After validating and processing the prompt response, the system will assemble a fix suggestion that includes relevant information from the prompt response and corresponding dependencies and metadata information, as well as the natural language description of the proposed fixes identified within the fix suggestion. The assembly process may also include generating a file that is presentable with the fix suggestion information, such as, for example, a file that is displayable with the fix suggestions within an Integrated Development Environment (IDE). In some alternative embodiments, the system may also include selectable links to access referenced dependencies and code, as well as links that are selectable to cause the system to automatically apply or reject the proposed fixes identified in the presented fix suggestion. Links can also be presented to enable a user to select the link to edit a proposed fix prior to applying the fix.

As described in more details below, the assembled fix suggestion may also include metadata that include security advisory data and use and popularity statistics for the referenced dependencies and code.

Once the fix suggestion has been assembled, it is provided to the user. It will be appreciated that the format of the assembled fix suggestion can take various forms depending on the specific requirements and preferences of the user. In some cases, the fix suggestion may be displayed at an interface. This interface may be a graphical user interface (GUI) on a computer screen, a web-based interface, or any other interface suitable for displaying the fix suggestion. The interface allows the user to review the fix suggestion, select an option to accept, reject, or edit the fix suggestion, and implement the selected option. The fix suggestion displayed at the interface includes the natural language explanation of the proposed fix, the suggested source-code changes, and selectable options for accepting, rejecting, and editing the fix suggestion.

In other cases, providing the fix suggestion may comprise sending the fix suggestion as a file to a remote system. The file may be sent over a network, such as the internet, a local area network (LAN), or any other network suitable for transmitting files. The file may be in a format that is compatible with the remote system, such as a text file, a binary file, a JSON file, or any other suitable format. The file includes the natural language explanation of the proposed fix, the suggested source-code changes, and any other information relevant to the fix suggestion. Sending the fix suggestion as a file to a remote system can be particularly useful in cases where the user wishes to review or implement the fix suggestion on a different system, or where the user wishes to store the fix suggestion for future reference.

The flow process also includes, in some instances, applying or facilitating the application of the fix suggestions, as will be described in more detail below.

FIG. 2 illustrates another example embodiment of a processing pipeline, similar to that shown in FIG. 1, for an alert processing and fix suggestion generation service that processes alerts from code analysis tools and that generates fix suggestions based on processed responses received from Large Language similar to the LLMs in response to prompts that are generated based on the processed alerts.

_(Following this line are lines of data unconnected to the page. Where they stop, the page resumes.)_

definition mat_image :: "real mat \<Rightarrow> real vec set" where
  "mat_image M = {M *\<^sub>v w | w. w \<in> carrier_vec (dim_col M)}"

definition schur_mat :: "real mat \<Rightarrow> bool" where
  "schur_mat A \<longleftrightarrow> (\<forall>ev. eigenvalue (map_mat complex_of_real A) ev \<longrightarrow> cmod ev < 1)"

definition pinv :: "real mat \<Rightarrow> real mat" where
  "pinv M = (THE X. X \<in> carrier_mat (dim_col M) (dim_row M) \<and>
     M * X * M = M \<and> X * M * X = X \<and>
     transpose_mat (M * X) = M * X \<and> transpose_mat (X * M) = X * M)"

definition hcat :: "real mat \<Rightarrow> real mat \<Rightarrow> real mat" where
  "hcat P Q = mat (dim_row P) (dim_col P + dim_col Q)
     (\<lambda>(i,j). if j < dim_col P then P $$ (i,j) else Q $$ (i, j - dim_col P))"

text \<open>R_L = [A^(L-1) B, ..., A B, B]  (n x Lm)\<close>
definition reach_mat :: "nat \<Rightarrow> real mat \<Rightarrow> real mat \<Rightarrow> real mat" where
  "reach_mat L A B = mat (dim_row A) (L * dim_col B)
     (\<lambda>(i,k). ((A ^\<^sub>m (L - 1 - k div dim_col B)) * B) $$ (i, k mod dim_col B))"

text \<open>O_L = [C; CA; ...; CA^(L-1)]  (Lr x n)\<close>
definition obs_mat :: "nat \<Rightarrow> real mat \<Rightarrow> real mat \<Rightarrow> real mat" where
  "obs_mat L A C = mat (L * dim_row C) (dim_col A)
     (\<lambda>(i,k). (C * (A ^\<^sub>m (i div dim_row C))) $$ (i mod dim_row C, k))"

definition markov :: "real mat \<Rightarrow> real mat \<Rightarrow> real mat \<Rightarrow> nat \<Rightarrow> real mat" where
  "markov A B C k = (if k = 0 then 0\<^sub>m (dim_row C) (dim_col B)
                     else C * (A ^\<^sub>m (k - 1)) * B)"

text \<open>H_L: Lr x Lm block lower triangular Toeplitz matrix with (i,j) block H_(i-j)\<close>
definition toeplitz_mat :: "nat \<Rightarrow> real mat \<Rightarrow> real mat \<Rightarrow> real mat \<Rightarrow> real mat" where
  "toeplitz_mat L A B C = mat (L * dim_row C) (L * dim_col B)
     (\<lambda>(i,j). if j div dim_col B \<le> i div dim_row C
              then markov A B C (i div dim_row C - j div dim_col B) $$ (i mod dim_row C, j mod dim_col B)
              else 0)"

definition Gamma_mat :: "nat \<Rightarrow> real mat \<Rightarrow> real mat \<Rightarrow> real mat \<Rightarrow> real mat" where
  "Gamma_mat L A B C = hcat
     (reach_mat L A B - (A ^\<^sub>m L) * pinv (obs_mat L A C) * toeplitz_mat L A B C)
     ((A ^\<^sub>m L) * pinv (obs_mat L A C))"

text \<open>S_k: Lk x Lk, identity I_k in blocks (i,i+1)\<close>
definition shift_mat :: "nat \<Rightarrow> nat \<Rightarrow> real mat" where
  "shift_mat L k = mat (L * k) (L * k)
     (\<lambda>(i,j). if j div k = i div k + 1 \<and> j mod k = i mod k then 1 else 0)"

text \<open>E: L(m+r) x r, I_r in the last r rows\<close>
definition E_mat :: "nat \<Rightarrow> nat \<Rightarrow> nat \<Rightarrow> real mat" where
  "E_mat L m r = mat (L * (m + r)) r (\<lambda>(i,j). if i = L * (m + r) - r + j then 1 else 0)"

text \<open>Pi: L(m+r) x m, I_m in rows (L-1)m+1..Lm (1-based)\<close>
definition Pi_mat :: "nat \<Rightarrow> nat \<Rightarrow> nat \<Rightarrow> real mat" where
  "Pi_mat L m r = mat (L * (m + r)) m (\<lambda>(i,j). if i = (L - 1) * m + j then 1 else 0)"

definition Theta_mat :: "nat \<Rightarrow> real mat \<Rightarrow> real mat \<Rightarrow> real mat \<Rightarrow> real mat" where
  "Theta_mat L A B C =
     four_block_mat (shift_mat L (dim_col B)) (0\<^sub>m (L * dim_col B) (L * dim_row C))
                    (0\<^sub>m (L * dim_row C) (L * dim_col B)) (shift_mat L (dim_row C))
     + E_mat L (dim_col B) (dim_row C) * C * Gamma_mat L A B C"

text \<open>[Theta^(N-1) Pi, ..., Theta Pi, Pi] with N = L(m+r)\<close>
definition P_mat :: "nat \<Rightarrow> real mat \<Rightarrow> real mat \<Rightarrow> real mat \<Rightarrow> real mat" where
  "P_mat L A B C =
    (let m = dim_col B; r = dim_row C; N = L * (m + r);
         Th = Theta_mat L A B C; Pm = Pi_mat L m r
     in mat N (N * m) (\<lambda>(i,k). ((Th ^\<^sub>m (N - 1 - k div m)) * Pm) $$ (i, k mod m)))"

However, unlike in FIG. 1, this processing pipeline shows how the system, subsequent to (or concurrently with) the validation and processing of one response, may process and/or validate other prompt responses that are obtained from an LLM in response to prompts that are generated by the system. For example, the system may process a first response that is used to obtain information that is used to supplement the information presented in a subsequent prompt to the LLM for the same corresponding alert. For example, the first response may identify a replacement snippet of code and the subsequent prompt may identify the replacement snippet of code with a request to modify the replacement snippet of code with a different function or dependency, for example.

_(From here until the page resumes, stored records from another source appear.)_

definition affine_system ::
  "('o \<Rightarrow> 'n set) \<Rightarrow> ('l, 'o, 'n) alg \<Rightarrow> 'x set \<Rightarrow> ('a \<Rightarrow> 'x \<Rightarrow> 'l) \<Rightarrow> ('a, 'o, 'n) alg \<Rightarrow> bool" where
  "affine_system ar L X \<kappa> A \<longleftrightarrow> algebra ar A \<and> hom ar A (power ar L X) \<kappa>"

definition Pt :: "('o \<Rightarrow> 'n set) \<Rightarrow> ('l, 'o, 'n) alg \<Rightarrow> ('a, 'o, 'n) alg \<Rightarrow> ('a \<Rightarrow> 'l) set" where
  "Pt ar L A = {h. h \<in> extensional (carrier A) \<and> hom ar A L h}"

definition ell :: "('a, 'o, 'n) alg \<Rightarrow> ('a \<Rightarrow> 'x \<Rightarrow> 'l) \<Rightarrow> 'x \<Rightarrow> ('a \<Rightarrow> 'l)" where
  "ell A \<kappa> x = (\<lambda>a\<in>carrier A. \<kappa> a x)"

definition sober ::
  "('o \<Rightarrow> 'n set) \<Rightarrow> ('l, 'o, 'n) alg \<Rightarrow> 'x set \<Rightarrow> ('a \<Rightarrow> 'x \<Rightarrow> 'l) \<Rightarrow> ('a, 'o, 'n) alg \<Rightarrow> bool" where
  "sober ar L X \<kappa> A \<longleftrightarrow> bij_betw (ell A \<kappa>) X (Pt ar L A)"

definition is_product_map ::
  "('o \<Rightarrow> 'n set) \<Rightarrow> ('l, 'o, 'n) alg \<Rightarrow> 'i set \<Rightarrow> ('i \<Rightarrow> 'x set) \<Rightarrow> ('i \<Rightarrow> 'a \<Rightarrow> 'x \<Rightarrow> 'l) \<Rightarrow>
   ('i \<Rightarrow> ('a, 'o, 'n) alg) \<Rightarrow> ('c, 'o, 'n) alg \<Rightarrow> ('i \<Rightarrow> 'a \<Rightarrow> 'c) \<Rightarrow> ('c \<Rightarrow> ('i \<Rightarrow> 'x) \<Rightarrow> 'l) \<Rightarrow> bool" where
  "is_product_map ar L I X \<kappa> A C \<mu> K \<longleftrightarrow>
     hom ar C (power ar L (Pi\<^sub>E I X)) K \<and>
     (\<forall>i\<in>I. \<forall>a\<in>carrier (A i). \<forall>x\<in>Pi\<^sub>E I X. K (\<mu> i a) x = \<kappa> i a (x i))"

end

theory Submission
  imports Defs
begin

text \<open>Pulling the point of the product at x back along the coproduct injection \<mu> i gives
the point of the i-th factor at x i. Hence ell is injective on the product because it is so on
each factor; and it is surjective because a point h of the coproduct is determined by its
pullbacks h \<circ> \<mu> i, each of which comes from some x i by sobriety of the factors.\<close>

lemma hom_comp:
  assumes "hom ar A B f" "hom ar B C g"
  shows "hom ar A C (\<lambda>a. g (f a))"
proof -
  have "\<And>w h. h \<in> ar w \<rightarrow>\<^sub>E carrier A \<Longrightarrow> (\<lambda>j\<in>ar w. f (h j)) \<in> ar w \<rightarrow>\<^sub>E carrier B"
    using assms(1) unfolding hom_def by auto
  then show ?thesis using assms unfolding hom_def
    by (auto simp: Pi_iff cong: restrict_cong)
qed

lemma hom_restrict:
  assumes "hom ar A B f" "algebra ar A"
  shows "hom ar A B (\<lambda>a\<in>carrier A. f a)"
proof -
  have "\<And>w h. h \<in> ar w \<rightarrow>\<^sub>E carrier A \<Longrightarrow>
      (\<lambda>j\<in>ar w. (\<lambda>a\<in>carrier A. f a) (h j)) = (\<lambda>j\<in>ar w. f (h j))"
    by (auto intro!: restrict_ext)
  then show ?thesis using assms unfolding hom_def algebra_def by auto
qed

lemma hom_eval:
  assumes "hom ar C (power ar L Y) K" "x \<in> Y"
  shows "hom ar C L (\<lambda>c. K c x)"
proof -
  have "\<And>w h. h \<in> ar w \<rightarrow>\<^sub>E carrier C \<Longrightarrow>
      (\<lambda>j\<in>ar w. (\<lambda>j\<in>ar w. K (h j)) j x) = (\<lambda>j\<in>ar w. K (h j) x)"
    by (auto intro!: restrict_ext)
  then show ?thesis using assms unfolding hom_def power_def
    by (auto simp: PiE_iff Pi_iff)
qed

lemma ell_in_Pt:
  assumes "affine_system ar L X \<kappa> A" "x \<in> X"
  shows "ell A \<kappa> x \<in> Pt ar L A"
proof -
  have hom: "hom ar A (power ar L X) \<kappa>" and alg: "algebra ar A"
    using assms(1) unfolding affine_system_def by auto
  have "hom ar A L (\<lambda>a\<in>carrier A. \<kappa> a x)"
    by (rule hom_restrict[OF hom_eval[OF hom assms(2)] alg])
  then show ?thesis unfolding Pt_def ell_def by simp
qed

lemma Pt_pullback:
  assumes "h \<in> Pt ar L C" "hom ar A C \<mu>" "algebra ar A"
  shows "(\<lambda>a\<in>carrier A. h (\<mu> a)) \<in> Pt ar L A"
proof -
  have "hom ar C L h" using assms(1) unfolding Pt_def by simp
  then have "hom ar A L (\<lambda>a\<in>carrier A. h (\<mu> a))"
    by (rule hom_restrict[OF hom_comp[OF assms(2)] assms(3)])
  then show ?thesis unfolding Pt_def by simp
qed

lemma coproduct_Pt_eqI:
  fixes L :: "('l, 'o, 'n) alg"
  assumes coprod: "is_coproduct TYPE('l) ar E I A C \<mu>" and L_in: "in_variety ar E L"
    and algA: "\<forall>i\<in>I. algebra ar (A i)"
    and g: "g \<in> Pt ar L C" and h: "h \<in> Pt ar L C"
    and agree: "\<forall>i\<in>I. \<forall>a\<in>carrier (A i). g (\<mu> i a) = h (\<mu> i a)"
  shows "g = h"
proof -
  define f where "f i = (\<lambda>a\<in>carrier (A i). h (\<mu> i a))" for i
  have "hom ar (A i) L (f i)" if i: "i \<in> I" for i
  proof -
    have "hom ar (A i) C (\<mu> i)" using coprod i unfolding is_coproduct_def by blast
    then have "f i \<in> Pt ar L (A i)" unfolding f_def using Pt_pullback[OF h] algA i by blast
    then show ?thesis unfolding Pt_def by blast
  qed
  moreover have "\<And>\<phi>. \<forall>i\<in>I. hom ar (A i) L (\<phi> i) \<Longrightarrow>
      \<exists>!u. u \<in> extensional (carrier C) \<and> hom ar C L u \<and>
        (\<forall>i\<in>I. \<forall>a\<in>carrier (A i). u (\<mu> i a) = \<phi> i a)"
    using coprod L_in unfolding is_coproduct_def by blast
  ultimately have uniq: "\<exists>!u. u \<in> extensional (carrier C) \<and> hom ar C L u \<and>
      (\<forall>i\<in>I. \<forall>a\<in>carrier (A i). u (\<mu> i a) = f i a)"
    by blast
  have "g \<in> extensional (carrier C) \<and> hom ar C L g \<and>
      (\<forall>i\<in>I. \<forall>a\<in>carrier (A i). g (\<mu> i a) = f i a)"
    using g agree unfolding Pt_def f_def by simp
  moreover have "h \<in> extensional (carrier C) \<and> hom ar C L h \<and>
      (\<forall>i\<in>I. \<forall>a\<in>carrier (A i). h (\<mu> i a) = f i a)"
    using h unfolding Pt_def f_def by simp
  ultimately show ?thesis using uniq by blast
qed

lemma affine_system_product:
  assumes "algebra ar C" "is_product_map ar L I X \<kappa> A C \<mu> K"
  shows "affine_system ar L (Pi\<^sub>E I X) K C"
  using assms unfolding affine_system_def is_product_map_def by simp

lemma ell_product_pullback:
  assumes prodmap: "is_product_map ar L I X \<kappa> A C \<mu> K"
    and hom\<mu>: "hom ar (A i) C (\<mu> i)" and x: "x \<in> Pi\<^sub>E I X" and i: "i \<in> I"
  shows "ell (A i) (\<kappa> i) (x i) = (\<lambda>a\<in>carrier (A i). ell C K x (\<mu> i a))"
  unfolding ell_def
proof (rule restrict_ext)
  fix a assume a: "a \<in> carrier (A i)"
  then have "\<mu> i a \<in> carrier C" using hom\<mu> unfolding hom_def by auto
  then show "\<kappa> i a (x i) = (\<lambda>c\<in>carrier C. K c x) (\<mu> i a)"
    using prodmap a x i unfolding is_product_map_def by simp
qed

lemma inj_on_ell_product:
  assumes prodmap: "is_product_map ar L I X \<kappa> A C \<mu> K"
    and hom\<mu>: "\<forall>i\<in>I. hom ar (A i) C (\<mu> i)"
    and inj: "\<forall>i\<in>I. inj_on (ell (A i) (\<kappa> i)) (X i)"
  shows "inj_on (ell C K) (Pi\<^sub>E I X)"
proof (rule inj_onI)
  fix x y assume x: "x \<in> Pi\<^sub>E I X" and y: "y \<in> Pi\<^sub>E I X" and eq: "ell C K x = ell C K y"
  show "x = y"
  proof (rule PiE_ext[OF x y])
    fix i assume i: "i \<in> I"
    have hom\<mu>i: "hom ar (A i) C (\<mu> i)" using hom\<mu> i by blast
    have "ell (A i) (\<kappa> i) (x i) = ell (A i) (\<kappa> i) (y i)"
      unfolding ell_product_pullback[OF prodmap hom\<mu>i x i] ell_product_pullback[OF prodmap hom\<mu>i y i]
        eq ..
    moreover have "inj_on (ell (A i) (\<kappa> i)) (X i)" using inj i by blast
    ultimately show "x i = y i" using x y i by (auto dest: inj_onD)
  qed
qed

lemma Pt_subset_ell_product_image:
  fixes L :: "('l, 'o, 'n) alg"
  assumes coprod: "is_coproduct TYPE('l) ar E I A C \<mu>" and L_in: "in_variety ar E L"
    and algA: "\<forall>i\<in>I. algebra ar (A i)"
    and surj: "\<forall>i\<in>I. Pt ar L (A i) \<subseteq> ell (A i) (\<kappa> i) ` X i"
    and prodmap: "is_product_map ar L I X \<kappa> A C \<mu> K"
  shows "Pt ar L C \<subseteq> ell C K ` Pi\<^sub>E I X"
proof
  fix h assume h: "h \<in> Pt ar L C"
  have hom\<mu>: "\<forall>i\<in>I. hom ar (A i) C (\<mu> i)" using coprod unfolding is_coproduct_def by blast
  have "\<forall>i\<in>I. \<exists>xi. xi \<in> X i \<and> ell (A i) (\<kappa> i) xi = (\<lambda>a\<in>carrier (A i). h (\<mu> i a))"
  proof
    fix i assume i: "i \<in> I"
    have "(\<lambda>a\<in>carrier (A i). h (\<mu> i a)) \<in> Pt ar L (A i)"
      using Pt_pullback[OF h] hom\<mu> algA i by blast
    then have "(\<lambda>a\<in>carrier (A i). h (\<mu> i a)) \<in> ell (A i) (\<kappa> i) ` X i" using surj i by blast
    then show "\<exists>xi. xi \<in> X i \<and> ell (A i) (\<kappa> i) xi = (\<lambda>a\<in>carrier (A i). h (\<mu> i a))"
      by (metis imageE)
  qed
  then obtain y where y: "\<forall>i\<in>I. y i \<in> X i \<and>
      ell (A i) (\<kappa> i) (y i) = (\<lambda>a\<in>carrier (A i). h (\<mu> i a))"
    by (metis bchoice)
  define x where "x = restrict y I"
  have x: "x \<in> Pi\<^sub>E I X" using y unfolding x_def by simp
  have "algebra ar C" using coprod unfolding is_coproduct_def in_variety_def by blast
  then have point: "ell C K x \<in> Pt ar L C"
    using ell_in_Pt[OF affine_system_product[OF _ prodmap] x] by blast
  have "\<forall>i\<in>I. \<forall>a\<in>carrier (A i). ell C K x (\<mu> i a) = h (\<mu> i a)"
  proof (intro ballI)
    fix i a assume i: "i \<in> I" and a: "a \<in> carrier (A i)"
    have "ell C K x (\<mu> i a) = ell (A i) (\<kappa> i) (x i) a"
      using ell_product_pullback[OF prodmap _ x i] hom\<mu> i a by simp
    then show "ell C K x (\<mu> i a) = h (\<mu> i a)" using y i a unfolding x_def by simp
  qed
  then have "ell C K x = h" by (rule coproduct_Pt_eqI[OF coprod L_in algA point h])
  then show "h \<in> ell C K ` Pi\<^sub>E I X" using x by blast
qed

theorem proposition18:
  fixes ar :: "'o \<Rightarrow> 'n set"
    and E :: "(('v, 'o, 'n) trm \<times> ('v, 'o, 'n) trm) set"
    and L :: "('l, 'o, 'n) alg"
    and I :: "'i set"
    and X :: "'i \<Rightarrow> 'x set"
    and \<kappa> :: "'i \<Rightarrow> 'a \<Rightarrow> 'x \<Rightarrow> 'l"
    and A :: "'i \<Rightarrow> ('a, 'o, 'n) alg"
    and C :: "('c, 'o, 'n) alg"
    and \<mu> :: "'i \<Rightarrow> 'a \<Rightarrow> 'c"
    and K :: "'c \<Rightarrow> ('i \<Rightarrow> 'x) \<Rightarrow> 'l"
  assumes L_in: "in_variety ar E L"
    and A_in: "\<forall>i\<in>I. in_variety ar E (A i)"
    and coprod: "is_coproduct TYPE('l) ar E I A C \<mu>"
    and systems: "\<forall>i\<in>I. affine_system ar L (X i) (\<kappa> i) (A i)"
    and sober_i: "\<forall>i\<in>I. sober ar L (X i) (\<kappa> i) (A i)"
    and prodmap: "is_product_map ar L I X \<kappa> A C \<mu> K"
  shows "affine_system ar L (Pi\<^sub>E I X) K C \<and> sober ar L (Pi\<^sub>E I X) K C"
proof -
  have algA: "\<forall>i\<in>I. algebra ar (A i)" using A_in unfolding in_variety_def by blast
  have hom\<mu>: "\<forall>i\<in>I. hom ar (A i) C (\<mu> i)" using coprod unfolding is_coproduct_def by blast
  have "algebra ar C" using coprod unfolding is_coproduct_def in_variety_def by blast
  then have system: "affine_system ar L (Pi\<^sub>E I X) K C"
    by (rule affine_system_product[OF _ prodmap])
  have "inj_on (ell C K) (Pi\<^sub>E I X)"
    using inj_on_ell_product[OF prodmap hom\<mu>] sober_i unfolding sober_def bij_betw_def by blast
  moreover have "Pt ar L C \<subseteq> ell C K ` Pi\<^sub>E I X"
    using Pt_subset_ell_product_image[OF coprod L_in algA _ prodmap] sober_i
    unfolding sober_def bij_betw_def by blast
  moreover have "ell C K ` Pi\<^sub>E I X \<subseteq> Pt ar L C" using ell_in_Pt[OF system] by blast
  ultimately show ?thesis using system unfolding sober_def bij_betw_def by blast
qed

end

This illustration also shows how the system may use the LLM or another model to validate content provided in a prompt response. For instance, if a prompt response includes a proposed fix or identifies a suggested dependency to use in a proposed fix, the system may reference the same model that generated the prompt response, or another model that did not generate the prompt response, to inquire about certifications, use data and other information about the proposed fix that can be used to validate the proposed fix. Preferably, the system will query for relevant metadata for the dependencies, such as package registries and advisory databases. This information may be obtained from local and remote stores.

This illustration also indicates how the proposed fixes identified in the one or more responses can be formulated into one or more corresponding fix suggestions, as previously described.

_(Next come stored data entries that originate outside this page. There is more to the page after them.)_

lemma powr_dual_weights_holder:
  fixes p s t U V :: real
  assumes p: "1 < p" and "0 \<le> s" "0 \<le> t" "0 < s powr p + t powr p" and "0 \<le> U" "0 \<le> V"
  defines "N \<equiv> (s powr p + t powr p) powr (1 / p)"
  shows "(s / N) powr (p - 1) * U + (t / N) powr (p - 1) * V \<le> (U powr p + V powr p) powr (1 / p)"
proof -
  define M where "M = (U powr p + V powr p) powr (1 / p)"
  define q where "q = p / (p - 1)"
  have q: "1 < q" "1 / q + 1 / p = 1"
    using p by (auto simp: q_def field_simps)
  have "N > 0" using assms by (simp add: N_def)
  have Np: "N powr p = s powr p + t powr p"
    using assms by (simp add: N_def powr_powr)
  show ?thesis
  proof (cases "M = 0")
    case True
    then have "U = 0" "V = 0"
      using assms by (auto simp: M_def add_nonneg_eq_0_iff)
    then show ?thesis by simp
  next
    case False
    then have "M > 0" by (simp add: M_def)
    have Mp: "M powr p = U powr p + V powr p"
      using assms by (simp add: M_def powr_powr)
    have young: "(a / N) powr (p - 1) * (A / M) \<le> a powr p / N powr p / q + A powr p / M powr p / p"
      if "0 \<le> a" "0 \<le> A" for a A
    proof -
      have "(a / N) powr (p - 1) * (A / M) \<le> ((a / N) powr (p - 1)) powr q / q + (A / M) powr p / p"
        using Youngs_inequality[OF q(1) p q(2), of "(a / N) powr (p - 1)" "A / M"] that \<open>M > 0\<close>
        by simp
      also have "((a / N) powr (p - 1)) powr q = a powr p / N powr p"
        using p that \<open>N > 0\<close> by (simp add: powr_powr q_def powr_divide)
      also have "(A / M) powr p = A powr p / M powr p"
        using that \<open>M > 0\<close> by (simp add: powr_divide)
      finally show ?thesis .
    qed
    have "(s / N) powr (p - 1) * (U / M) + (t / N) powr (p - 1) * (V / M)
        \<le> (s powr p + t powr p) / N powr p / q + (U powr p + V powr p) / M powr p / p"
      using young[of s U] young[of t V] assms by (simp add: add_divide_distrib)
    also have "\<dots> = 1"
      using q(2) \<open>N > 0\<close> \<open>M > 0\<close> by (simp flip: Np Mp)
    finally have "((s / N) powr (p - 1) * U + (t / N) powr (p - 1) * V) / M \<le> 1"
      by (simp add: add_divide_distrib)
    then show ?thesis
      using \<open>M > 0\<close> by (simp add: M_def pos_divide_le_eq)
  qed
qed

lemma powr_dual_weights_sum:
  fixes p s t :: real
  assumes "0 < p" "0 \<le> s" "0 \<le> t" "0 < s powr p + t powr p"
  defines "N \<equiv> (s powr p + t powr p) powr (1 / p)"
  shows "(s / N) powr (p - 1) * s + (t / N) powr (p - 1) * t = N"
proof -
  have "N > 0" using assms by (simp add: N_def)
  have pow: "(r / N) powr (p - 1) * r = r powr p / N powr (p - 1)" if "0 \<le> r" for r
    using that powr_add[of r "p - 1" 1] by (simp add: powr_divide)
  have "(s / N) powr (p - 1) * s + (t / N) powr (p - 1) * t = (s powr p + t powr p) / N powr (p - 1)"
    using assms(2,3) by (simp add: pow add_divide_distrib)
  also have "s powr p + t powr p = N powr p"
    using assms(1-4) by (simp add: N_def powr_powr)
  also have "N powr p / N powr (p - 1) = N"
    using \<open>N > 0\<close> by (simp flip: powr_diff)
  finally show ?thesis .
qed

Attention will now be directed to FIG. 3, which illustrates one example of an alert processing and fix suggestion generation system 300 (also referred to as system 300). This system 300 is shown to include an alert parser 310, a prompt assembler 320, a fix suggestion assembler 330 and a prompt processor and validator 335.

The alert parser 310 is configured to process and parse the alerts generated from code analysis tools, such as code analysis tool 340, which may be a static or dynamic code analysis tool (as previously described). The prompt assembler 320 uses information obtained from the alert parser 310, which include selected portions of content obtained from the alert (e.g., an alert type, an alert message that describes the alert, and a source-code location that identifies lines of the source-code corresponding to the alert) and which omits other information in the alert, such as date information, the entirety of the source-code, and other information that is determined not to be relevant for the prompt.

In some instances, the alert parser 310 and/or the prompt assembler 320 generates or provides new information that is not included in the alert and that may be relevant for the prompt, such as examples of fixes for similar types of alerts, related files or dependencies, instruction for the LLM 350 to generate natural language descriptions of the alert and/or an alert fix. The new information may also include an instruction for the LLM to generate or provide a replacement snippet of code corresponding to a snippet that is provided from the original source-code that the alert corresponds to.

The prompt is provided to remotely located LLM 350 through a network connection, such as the internet or cloud network. In some alternative embodiments, the system 300 includes the LLM 350 in a distributed configuration of the system 300.

Once the LLM 350 generates a prompt response to the prompt, the system 300 obtains the prompt response and validates and processes the prompt response with a prompt processor and validator 335 and uses a fix suggestion assembler 330, as previously described, to generate an assembled fix suggestion that is presented to a user at a UI interface 360.

The illustration in FIG. 4 is similar to that in FIG. 3. However, in this illustration, the system 300 is shown to include the code analysis tool 340. Although not shown, it will be appreciated that the system may also include the UI 360, such as in a distributed enterprise network system.

Additionally, although not shown, the system may also include storage that stores the original source-code that is being processed by the code analysis tool 340 to generate the alert, as well as the different prompts, prompt responses and assembled fix suggestions. The embodiment shown in FIG. 6 illustrates such a storage that can be utilized by the system.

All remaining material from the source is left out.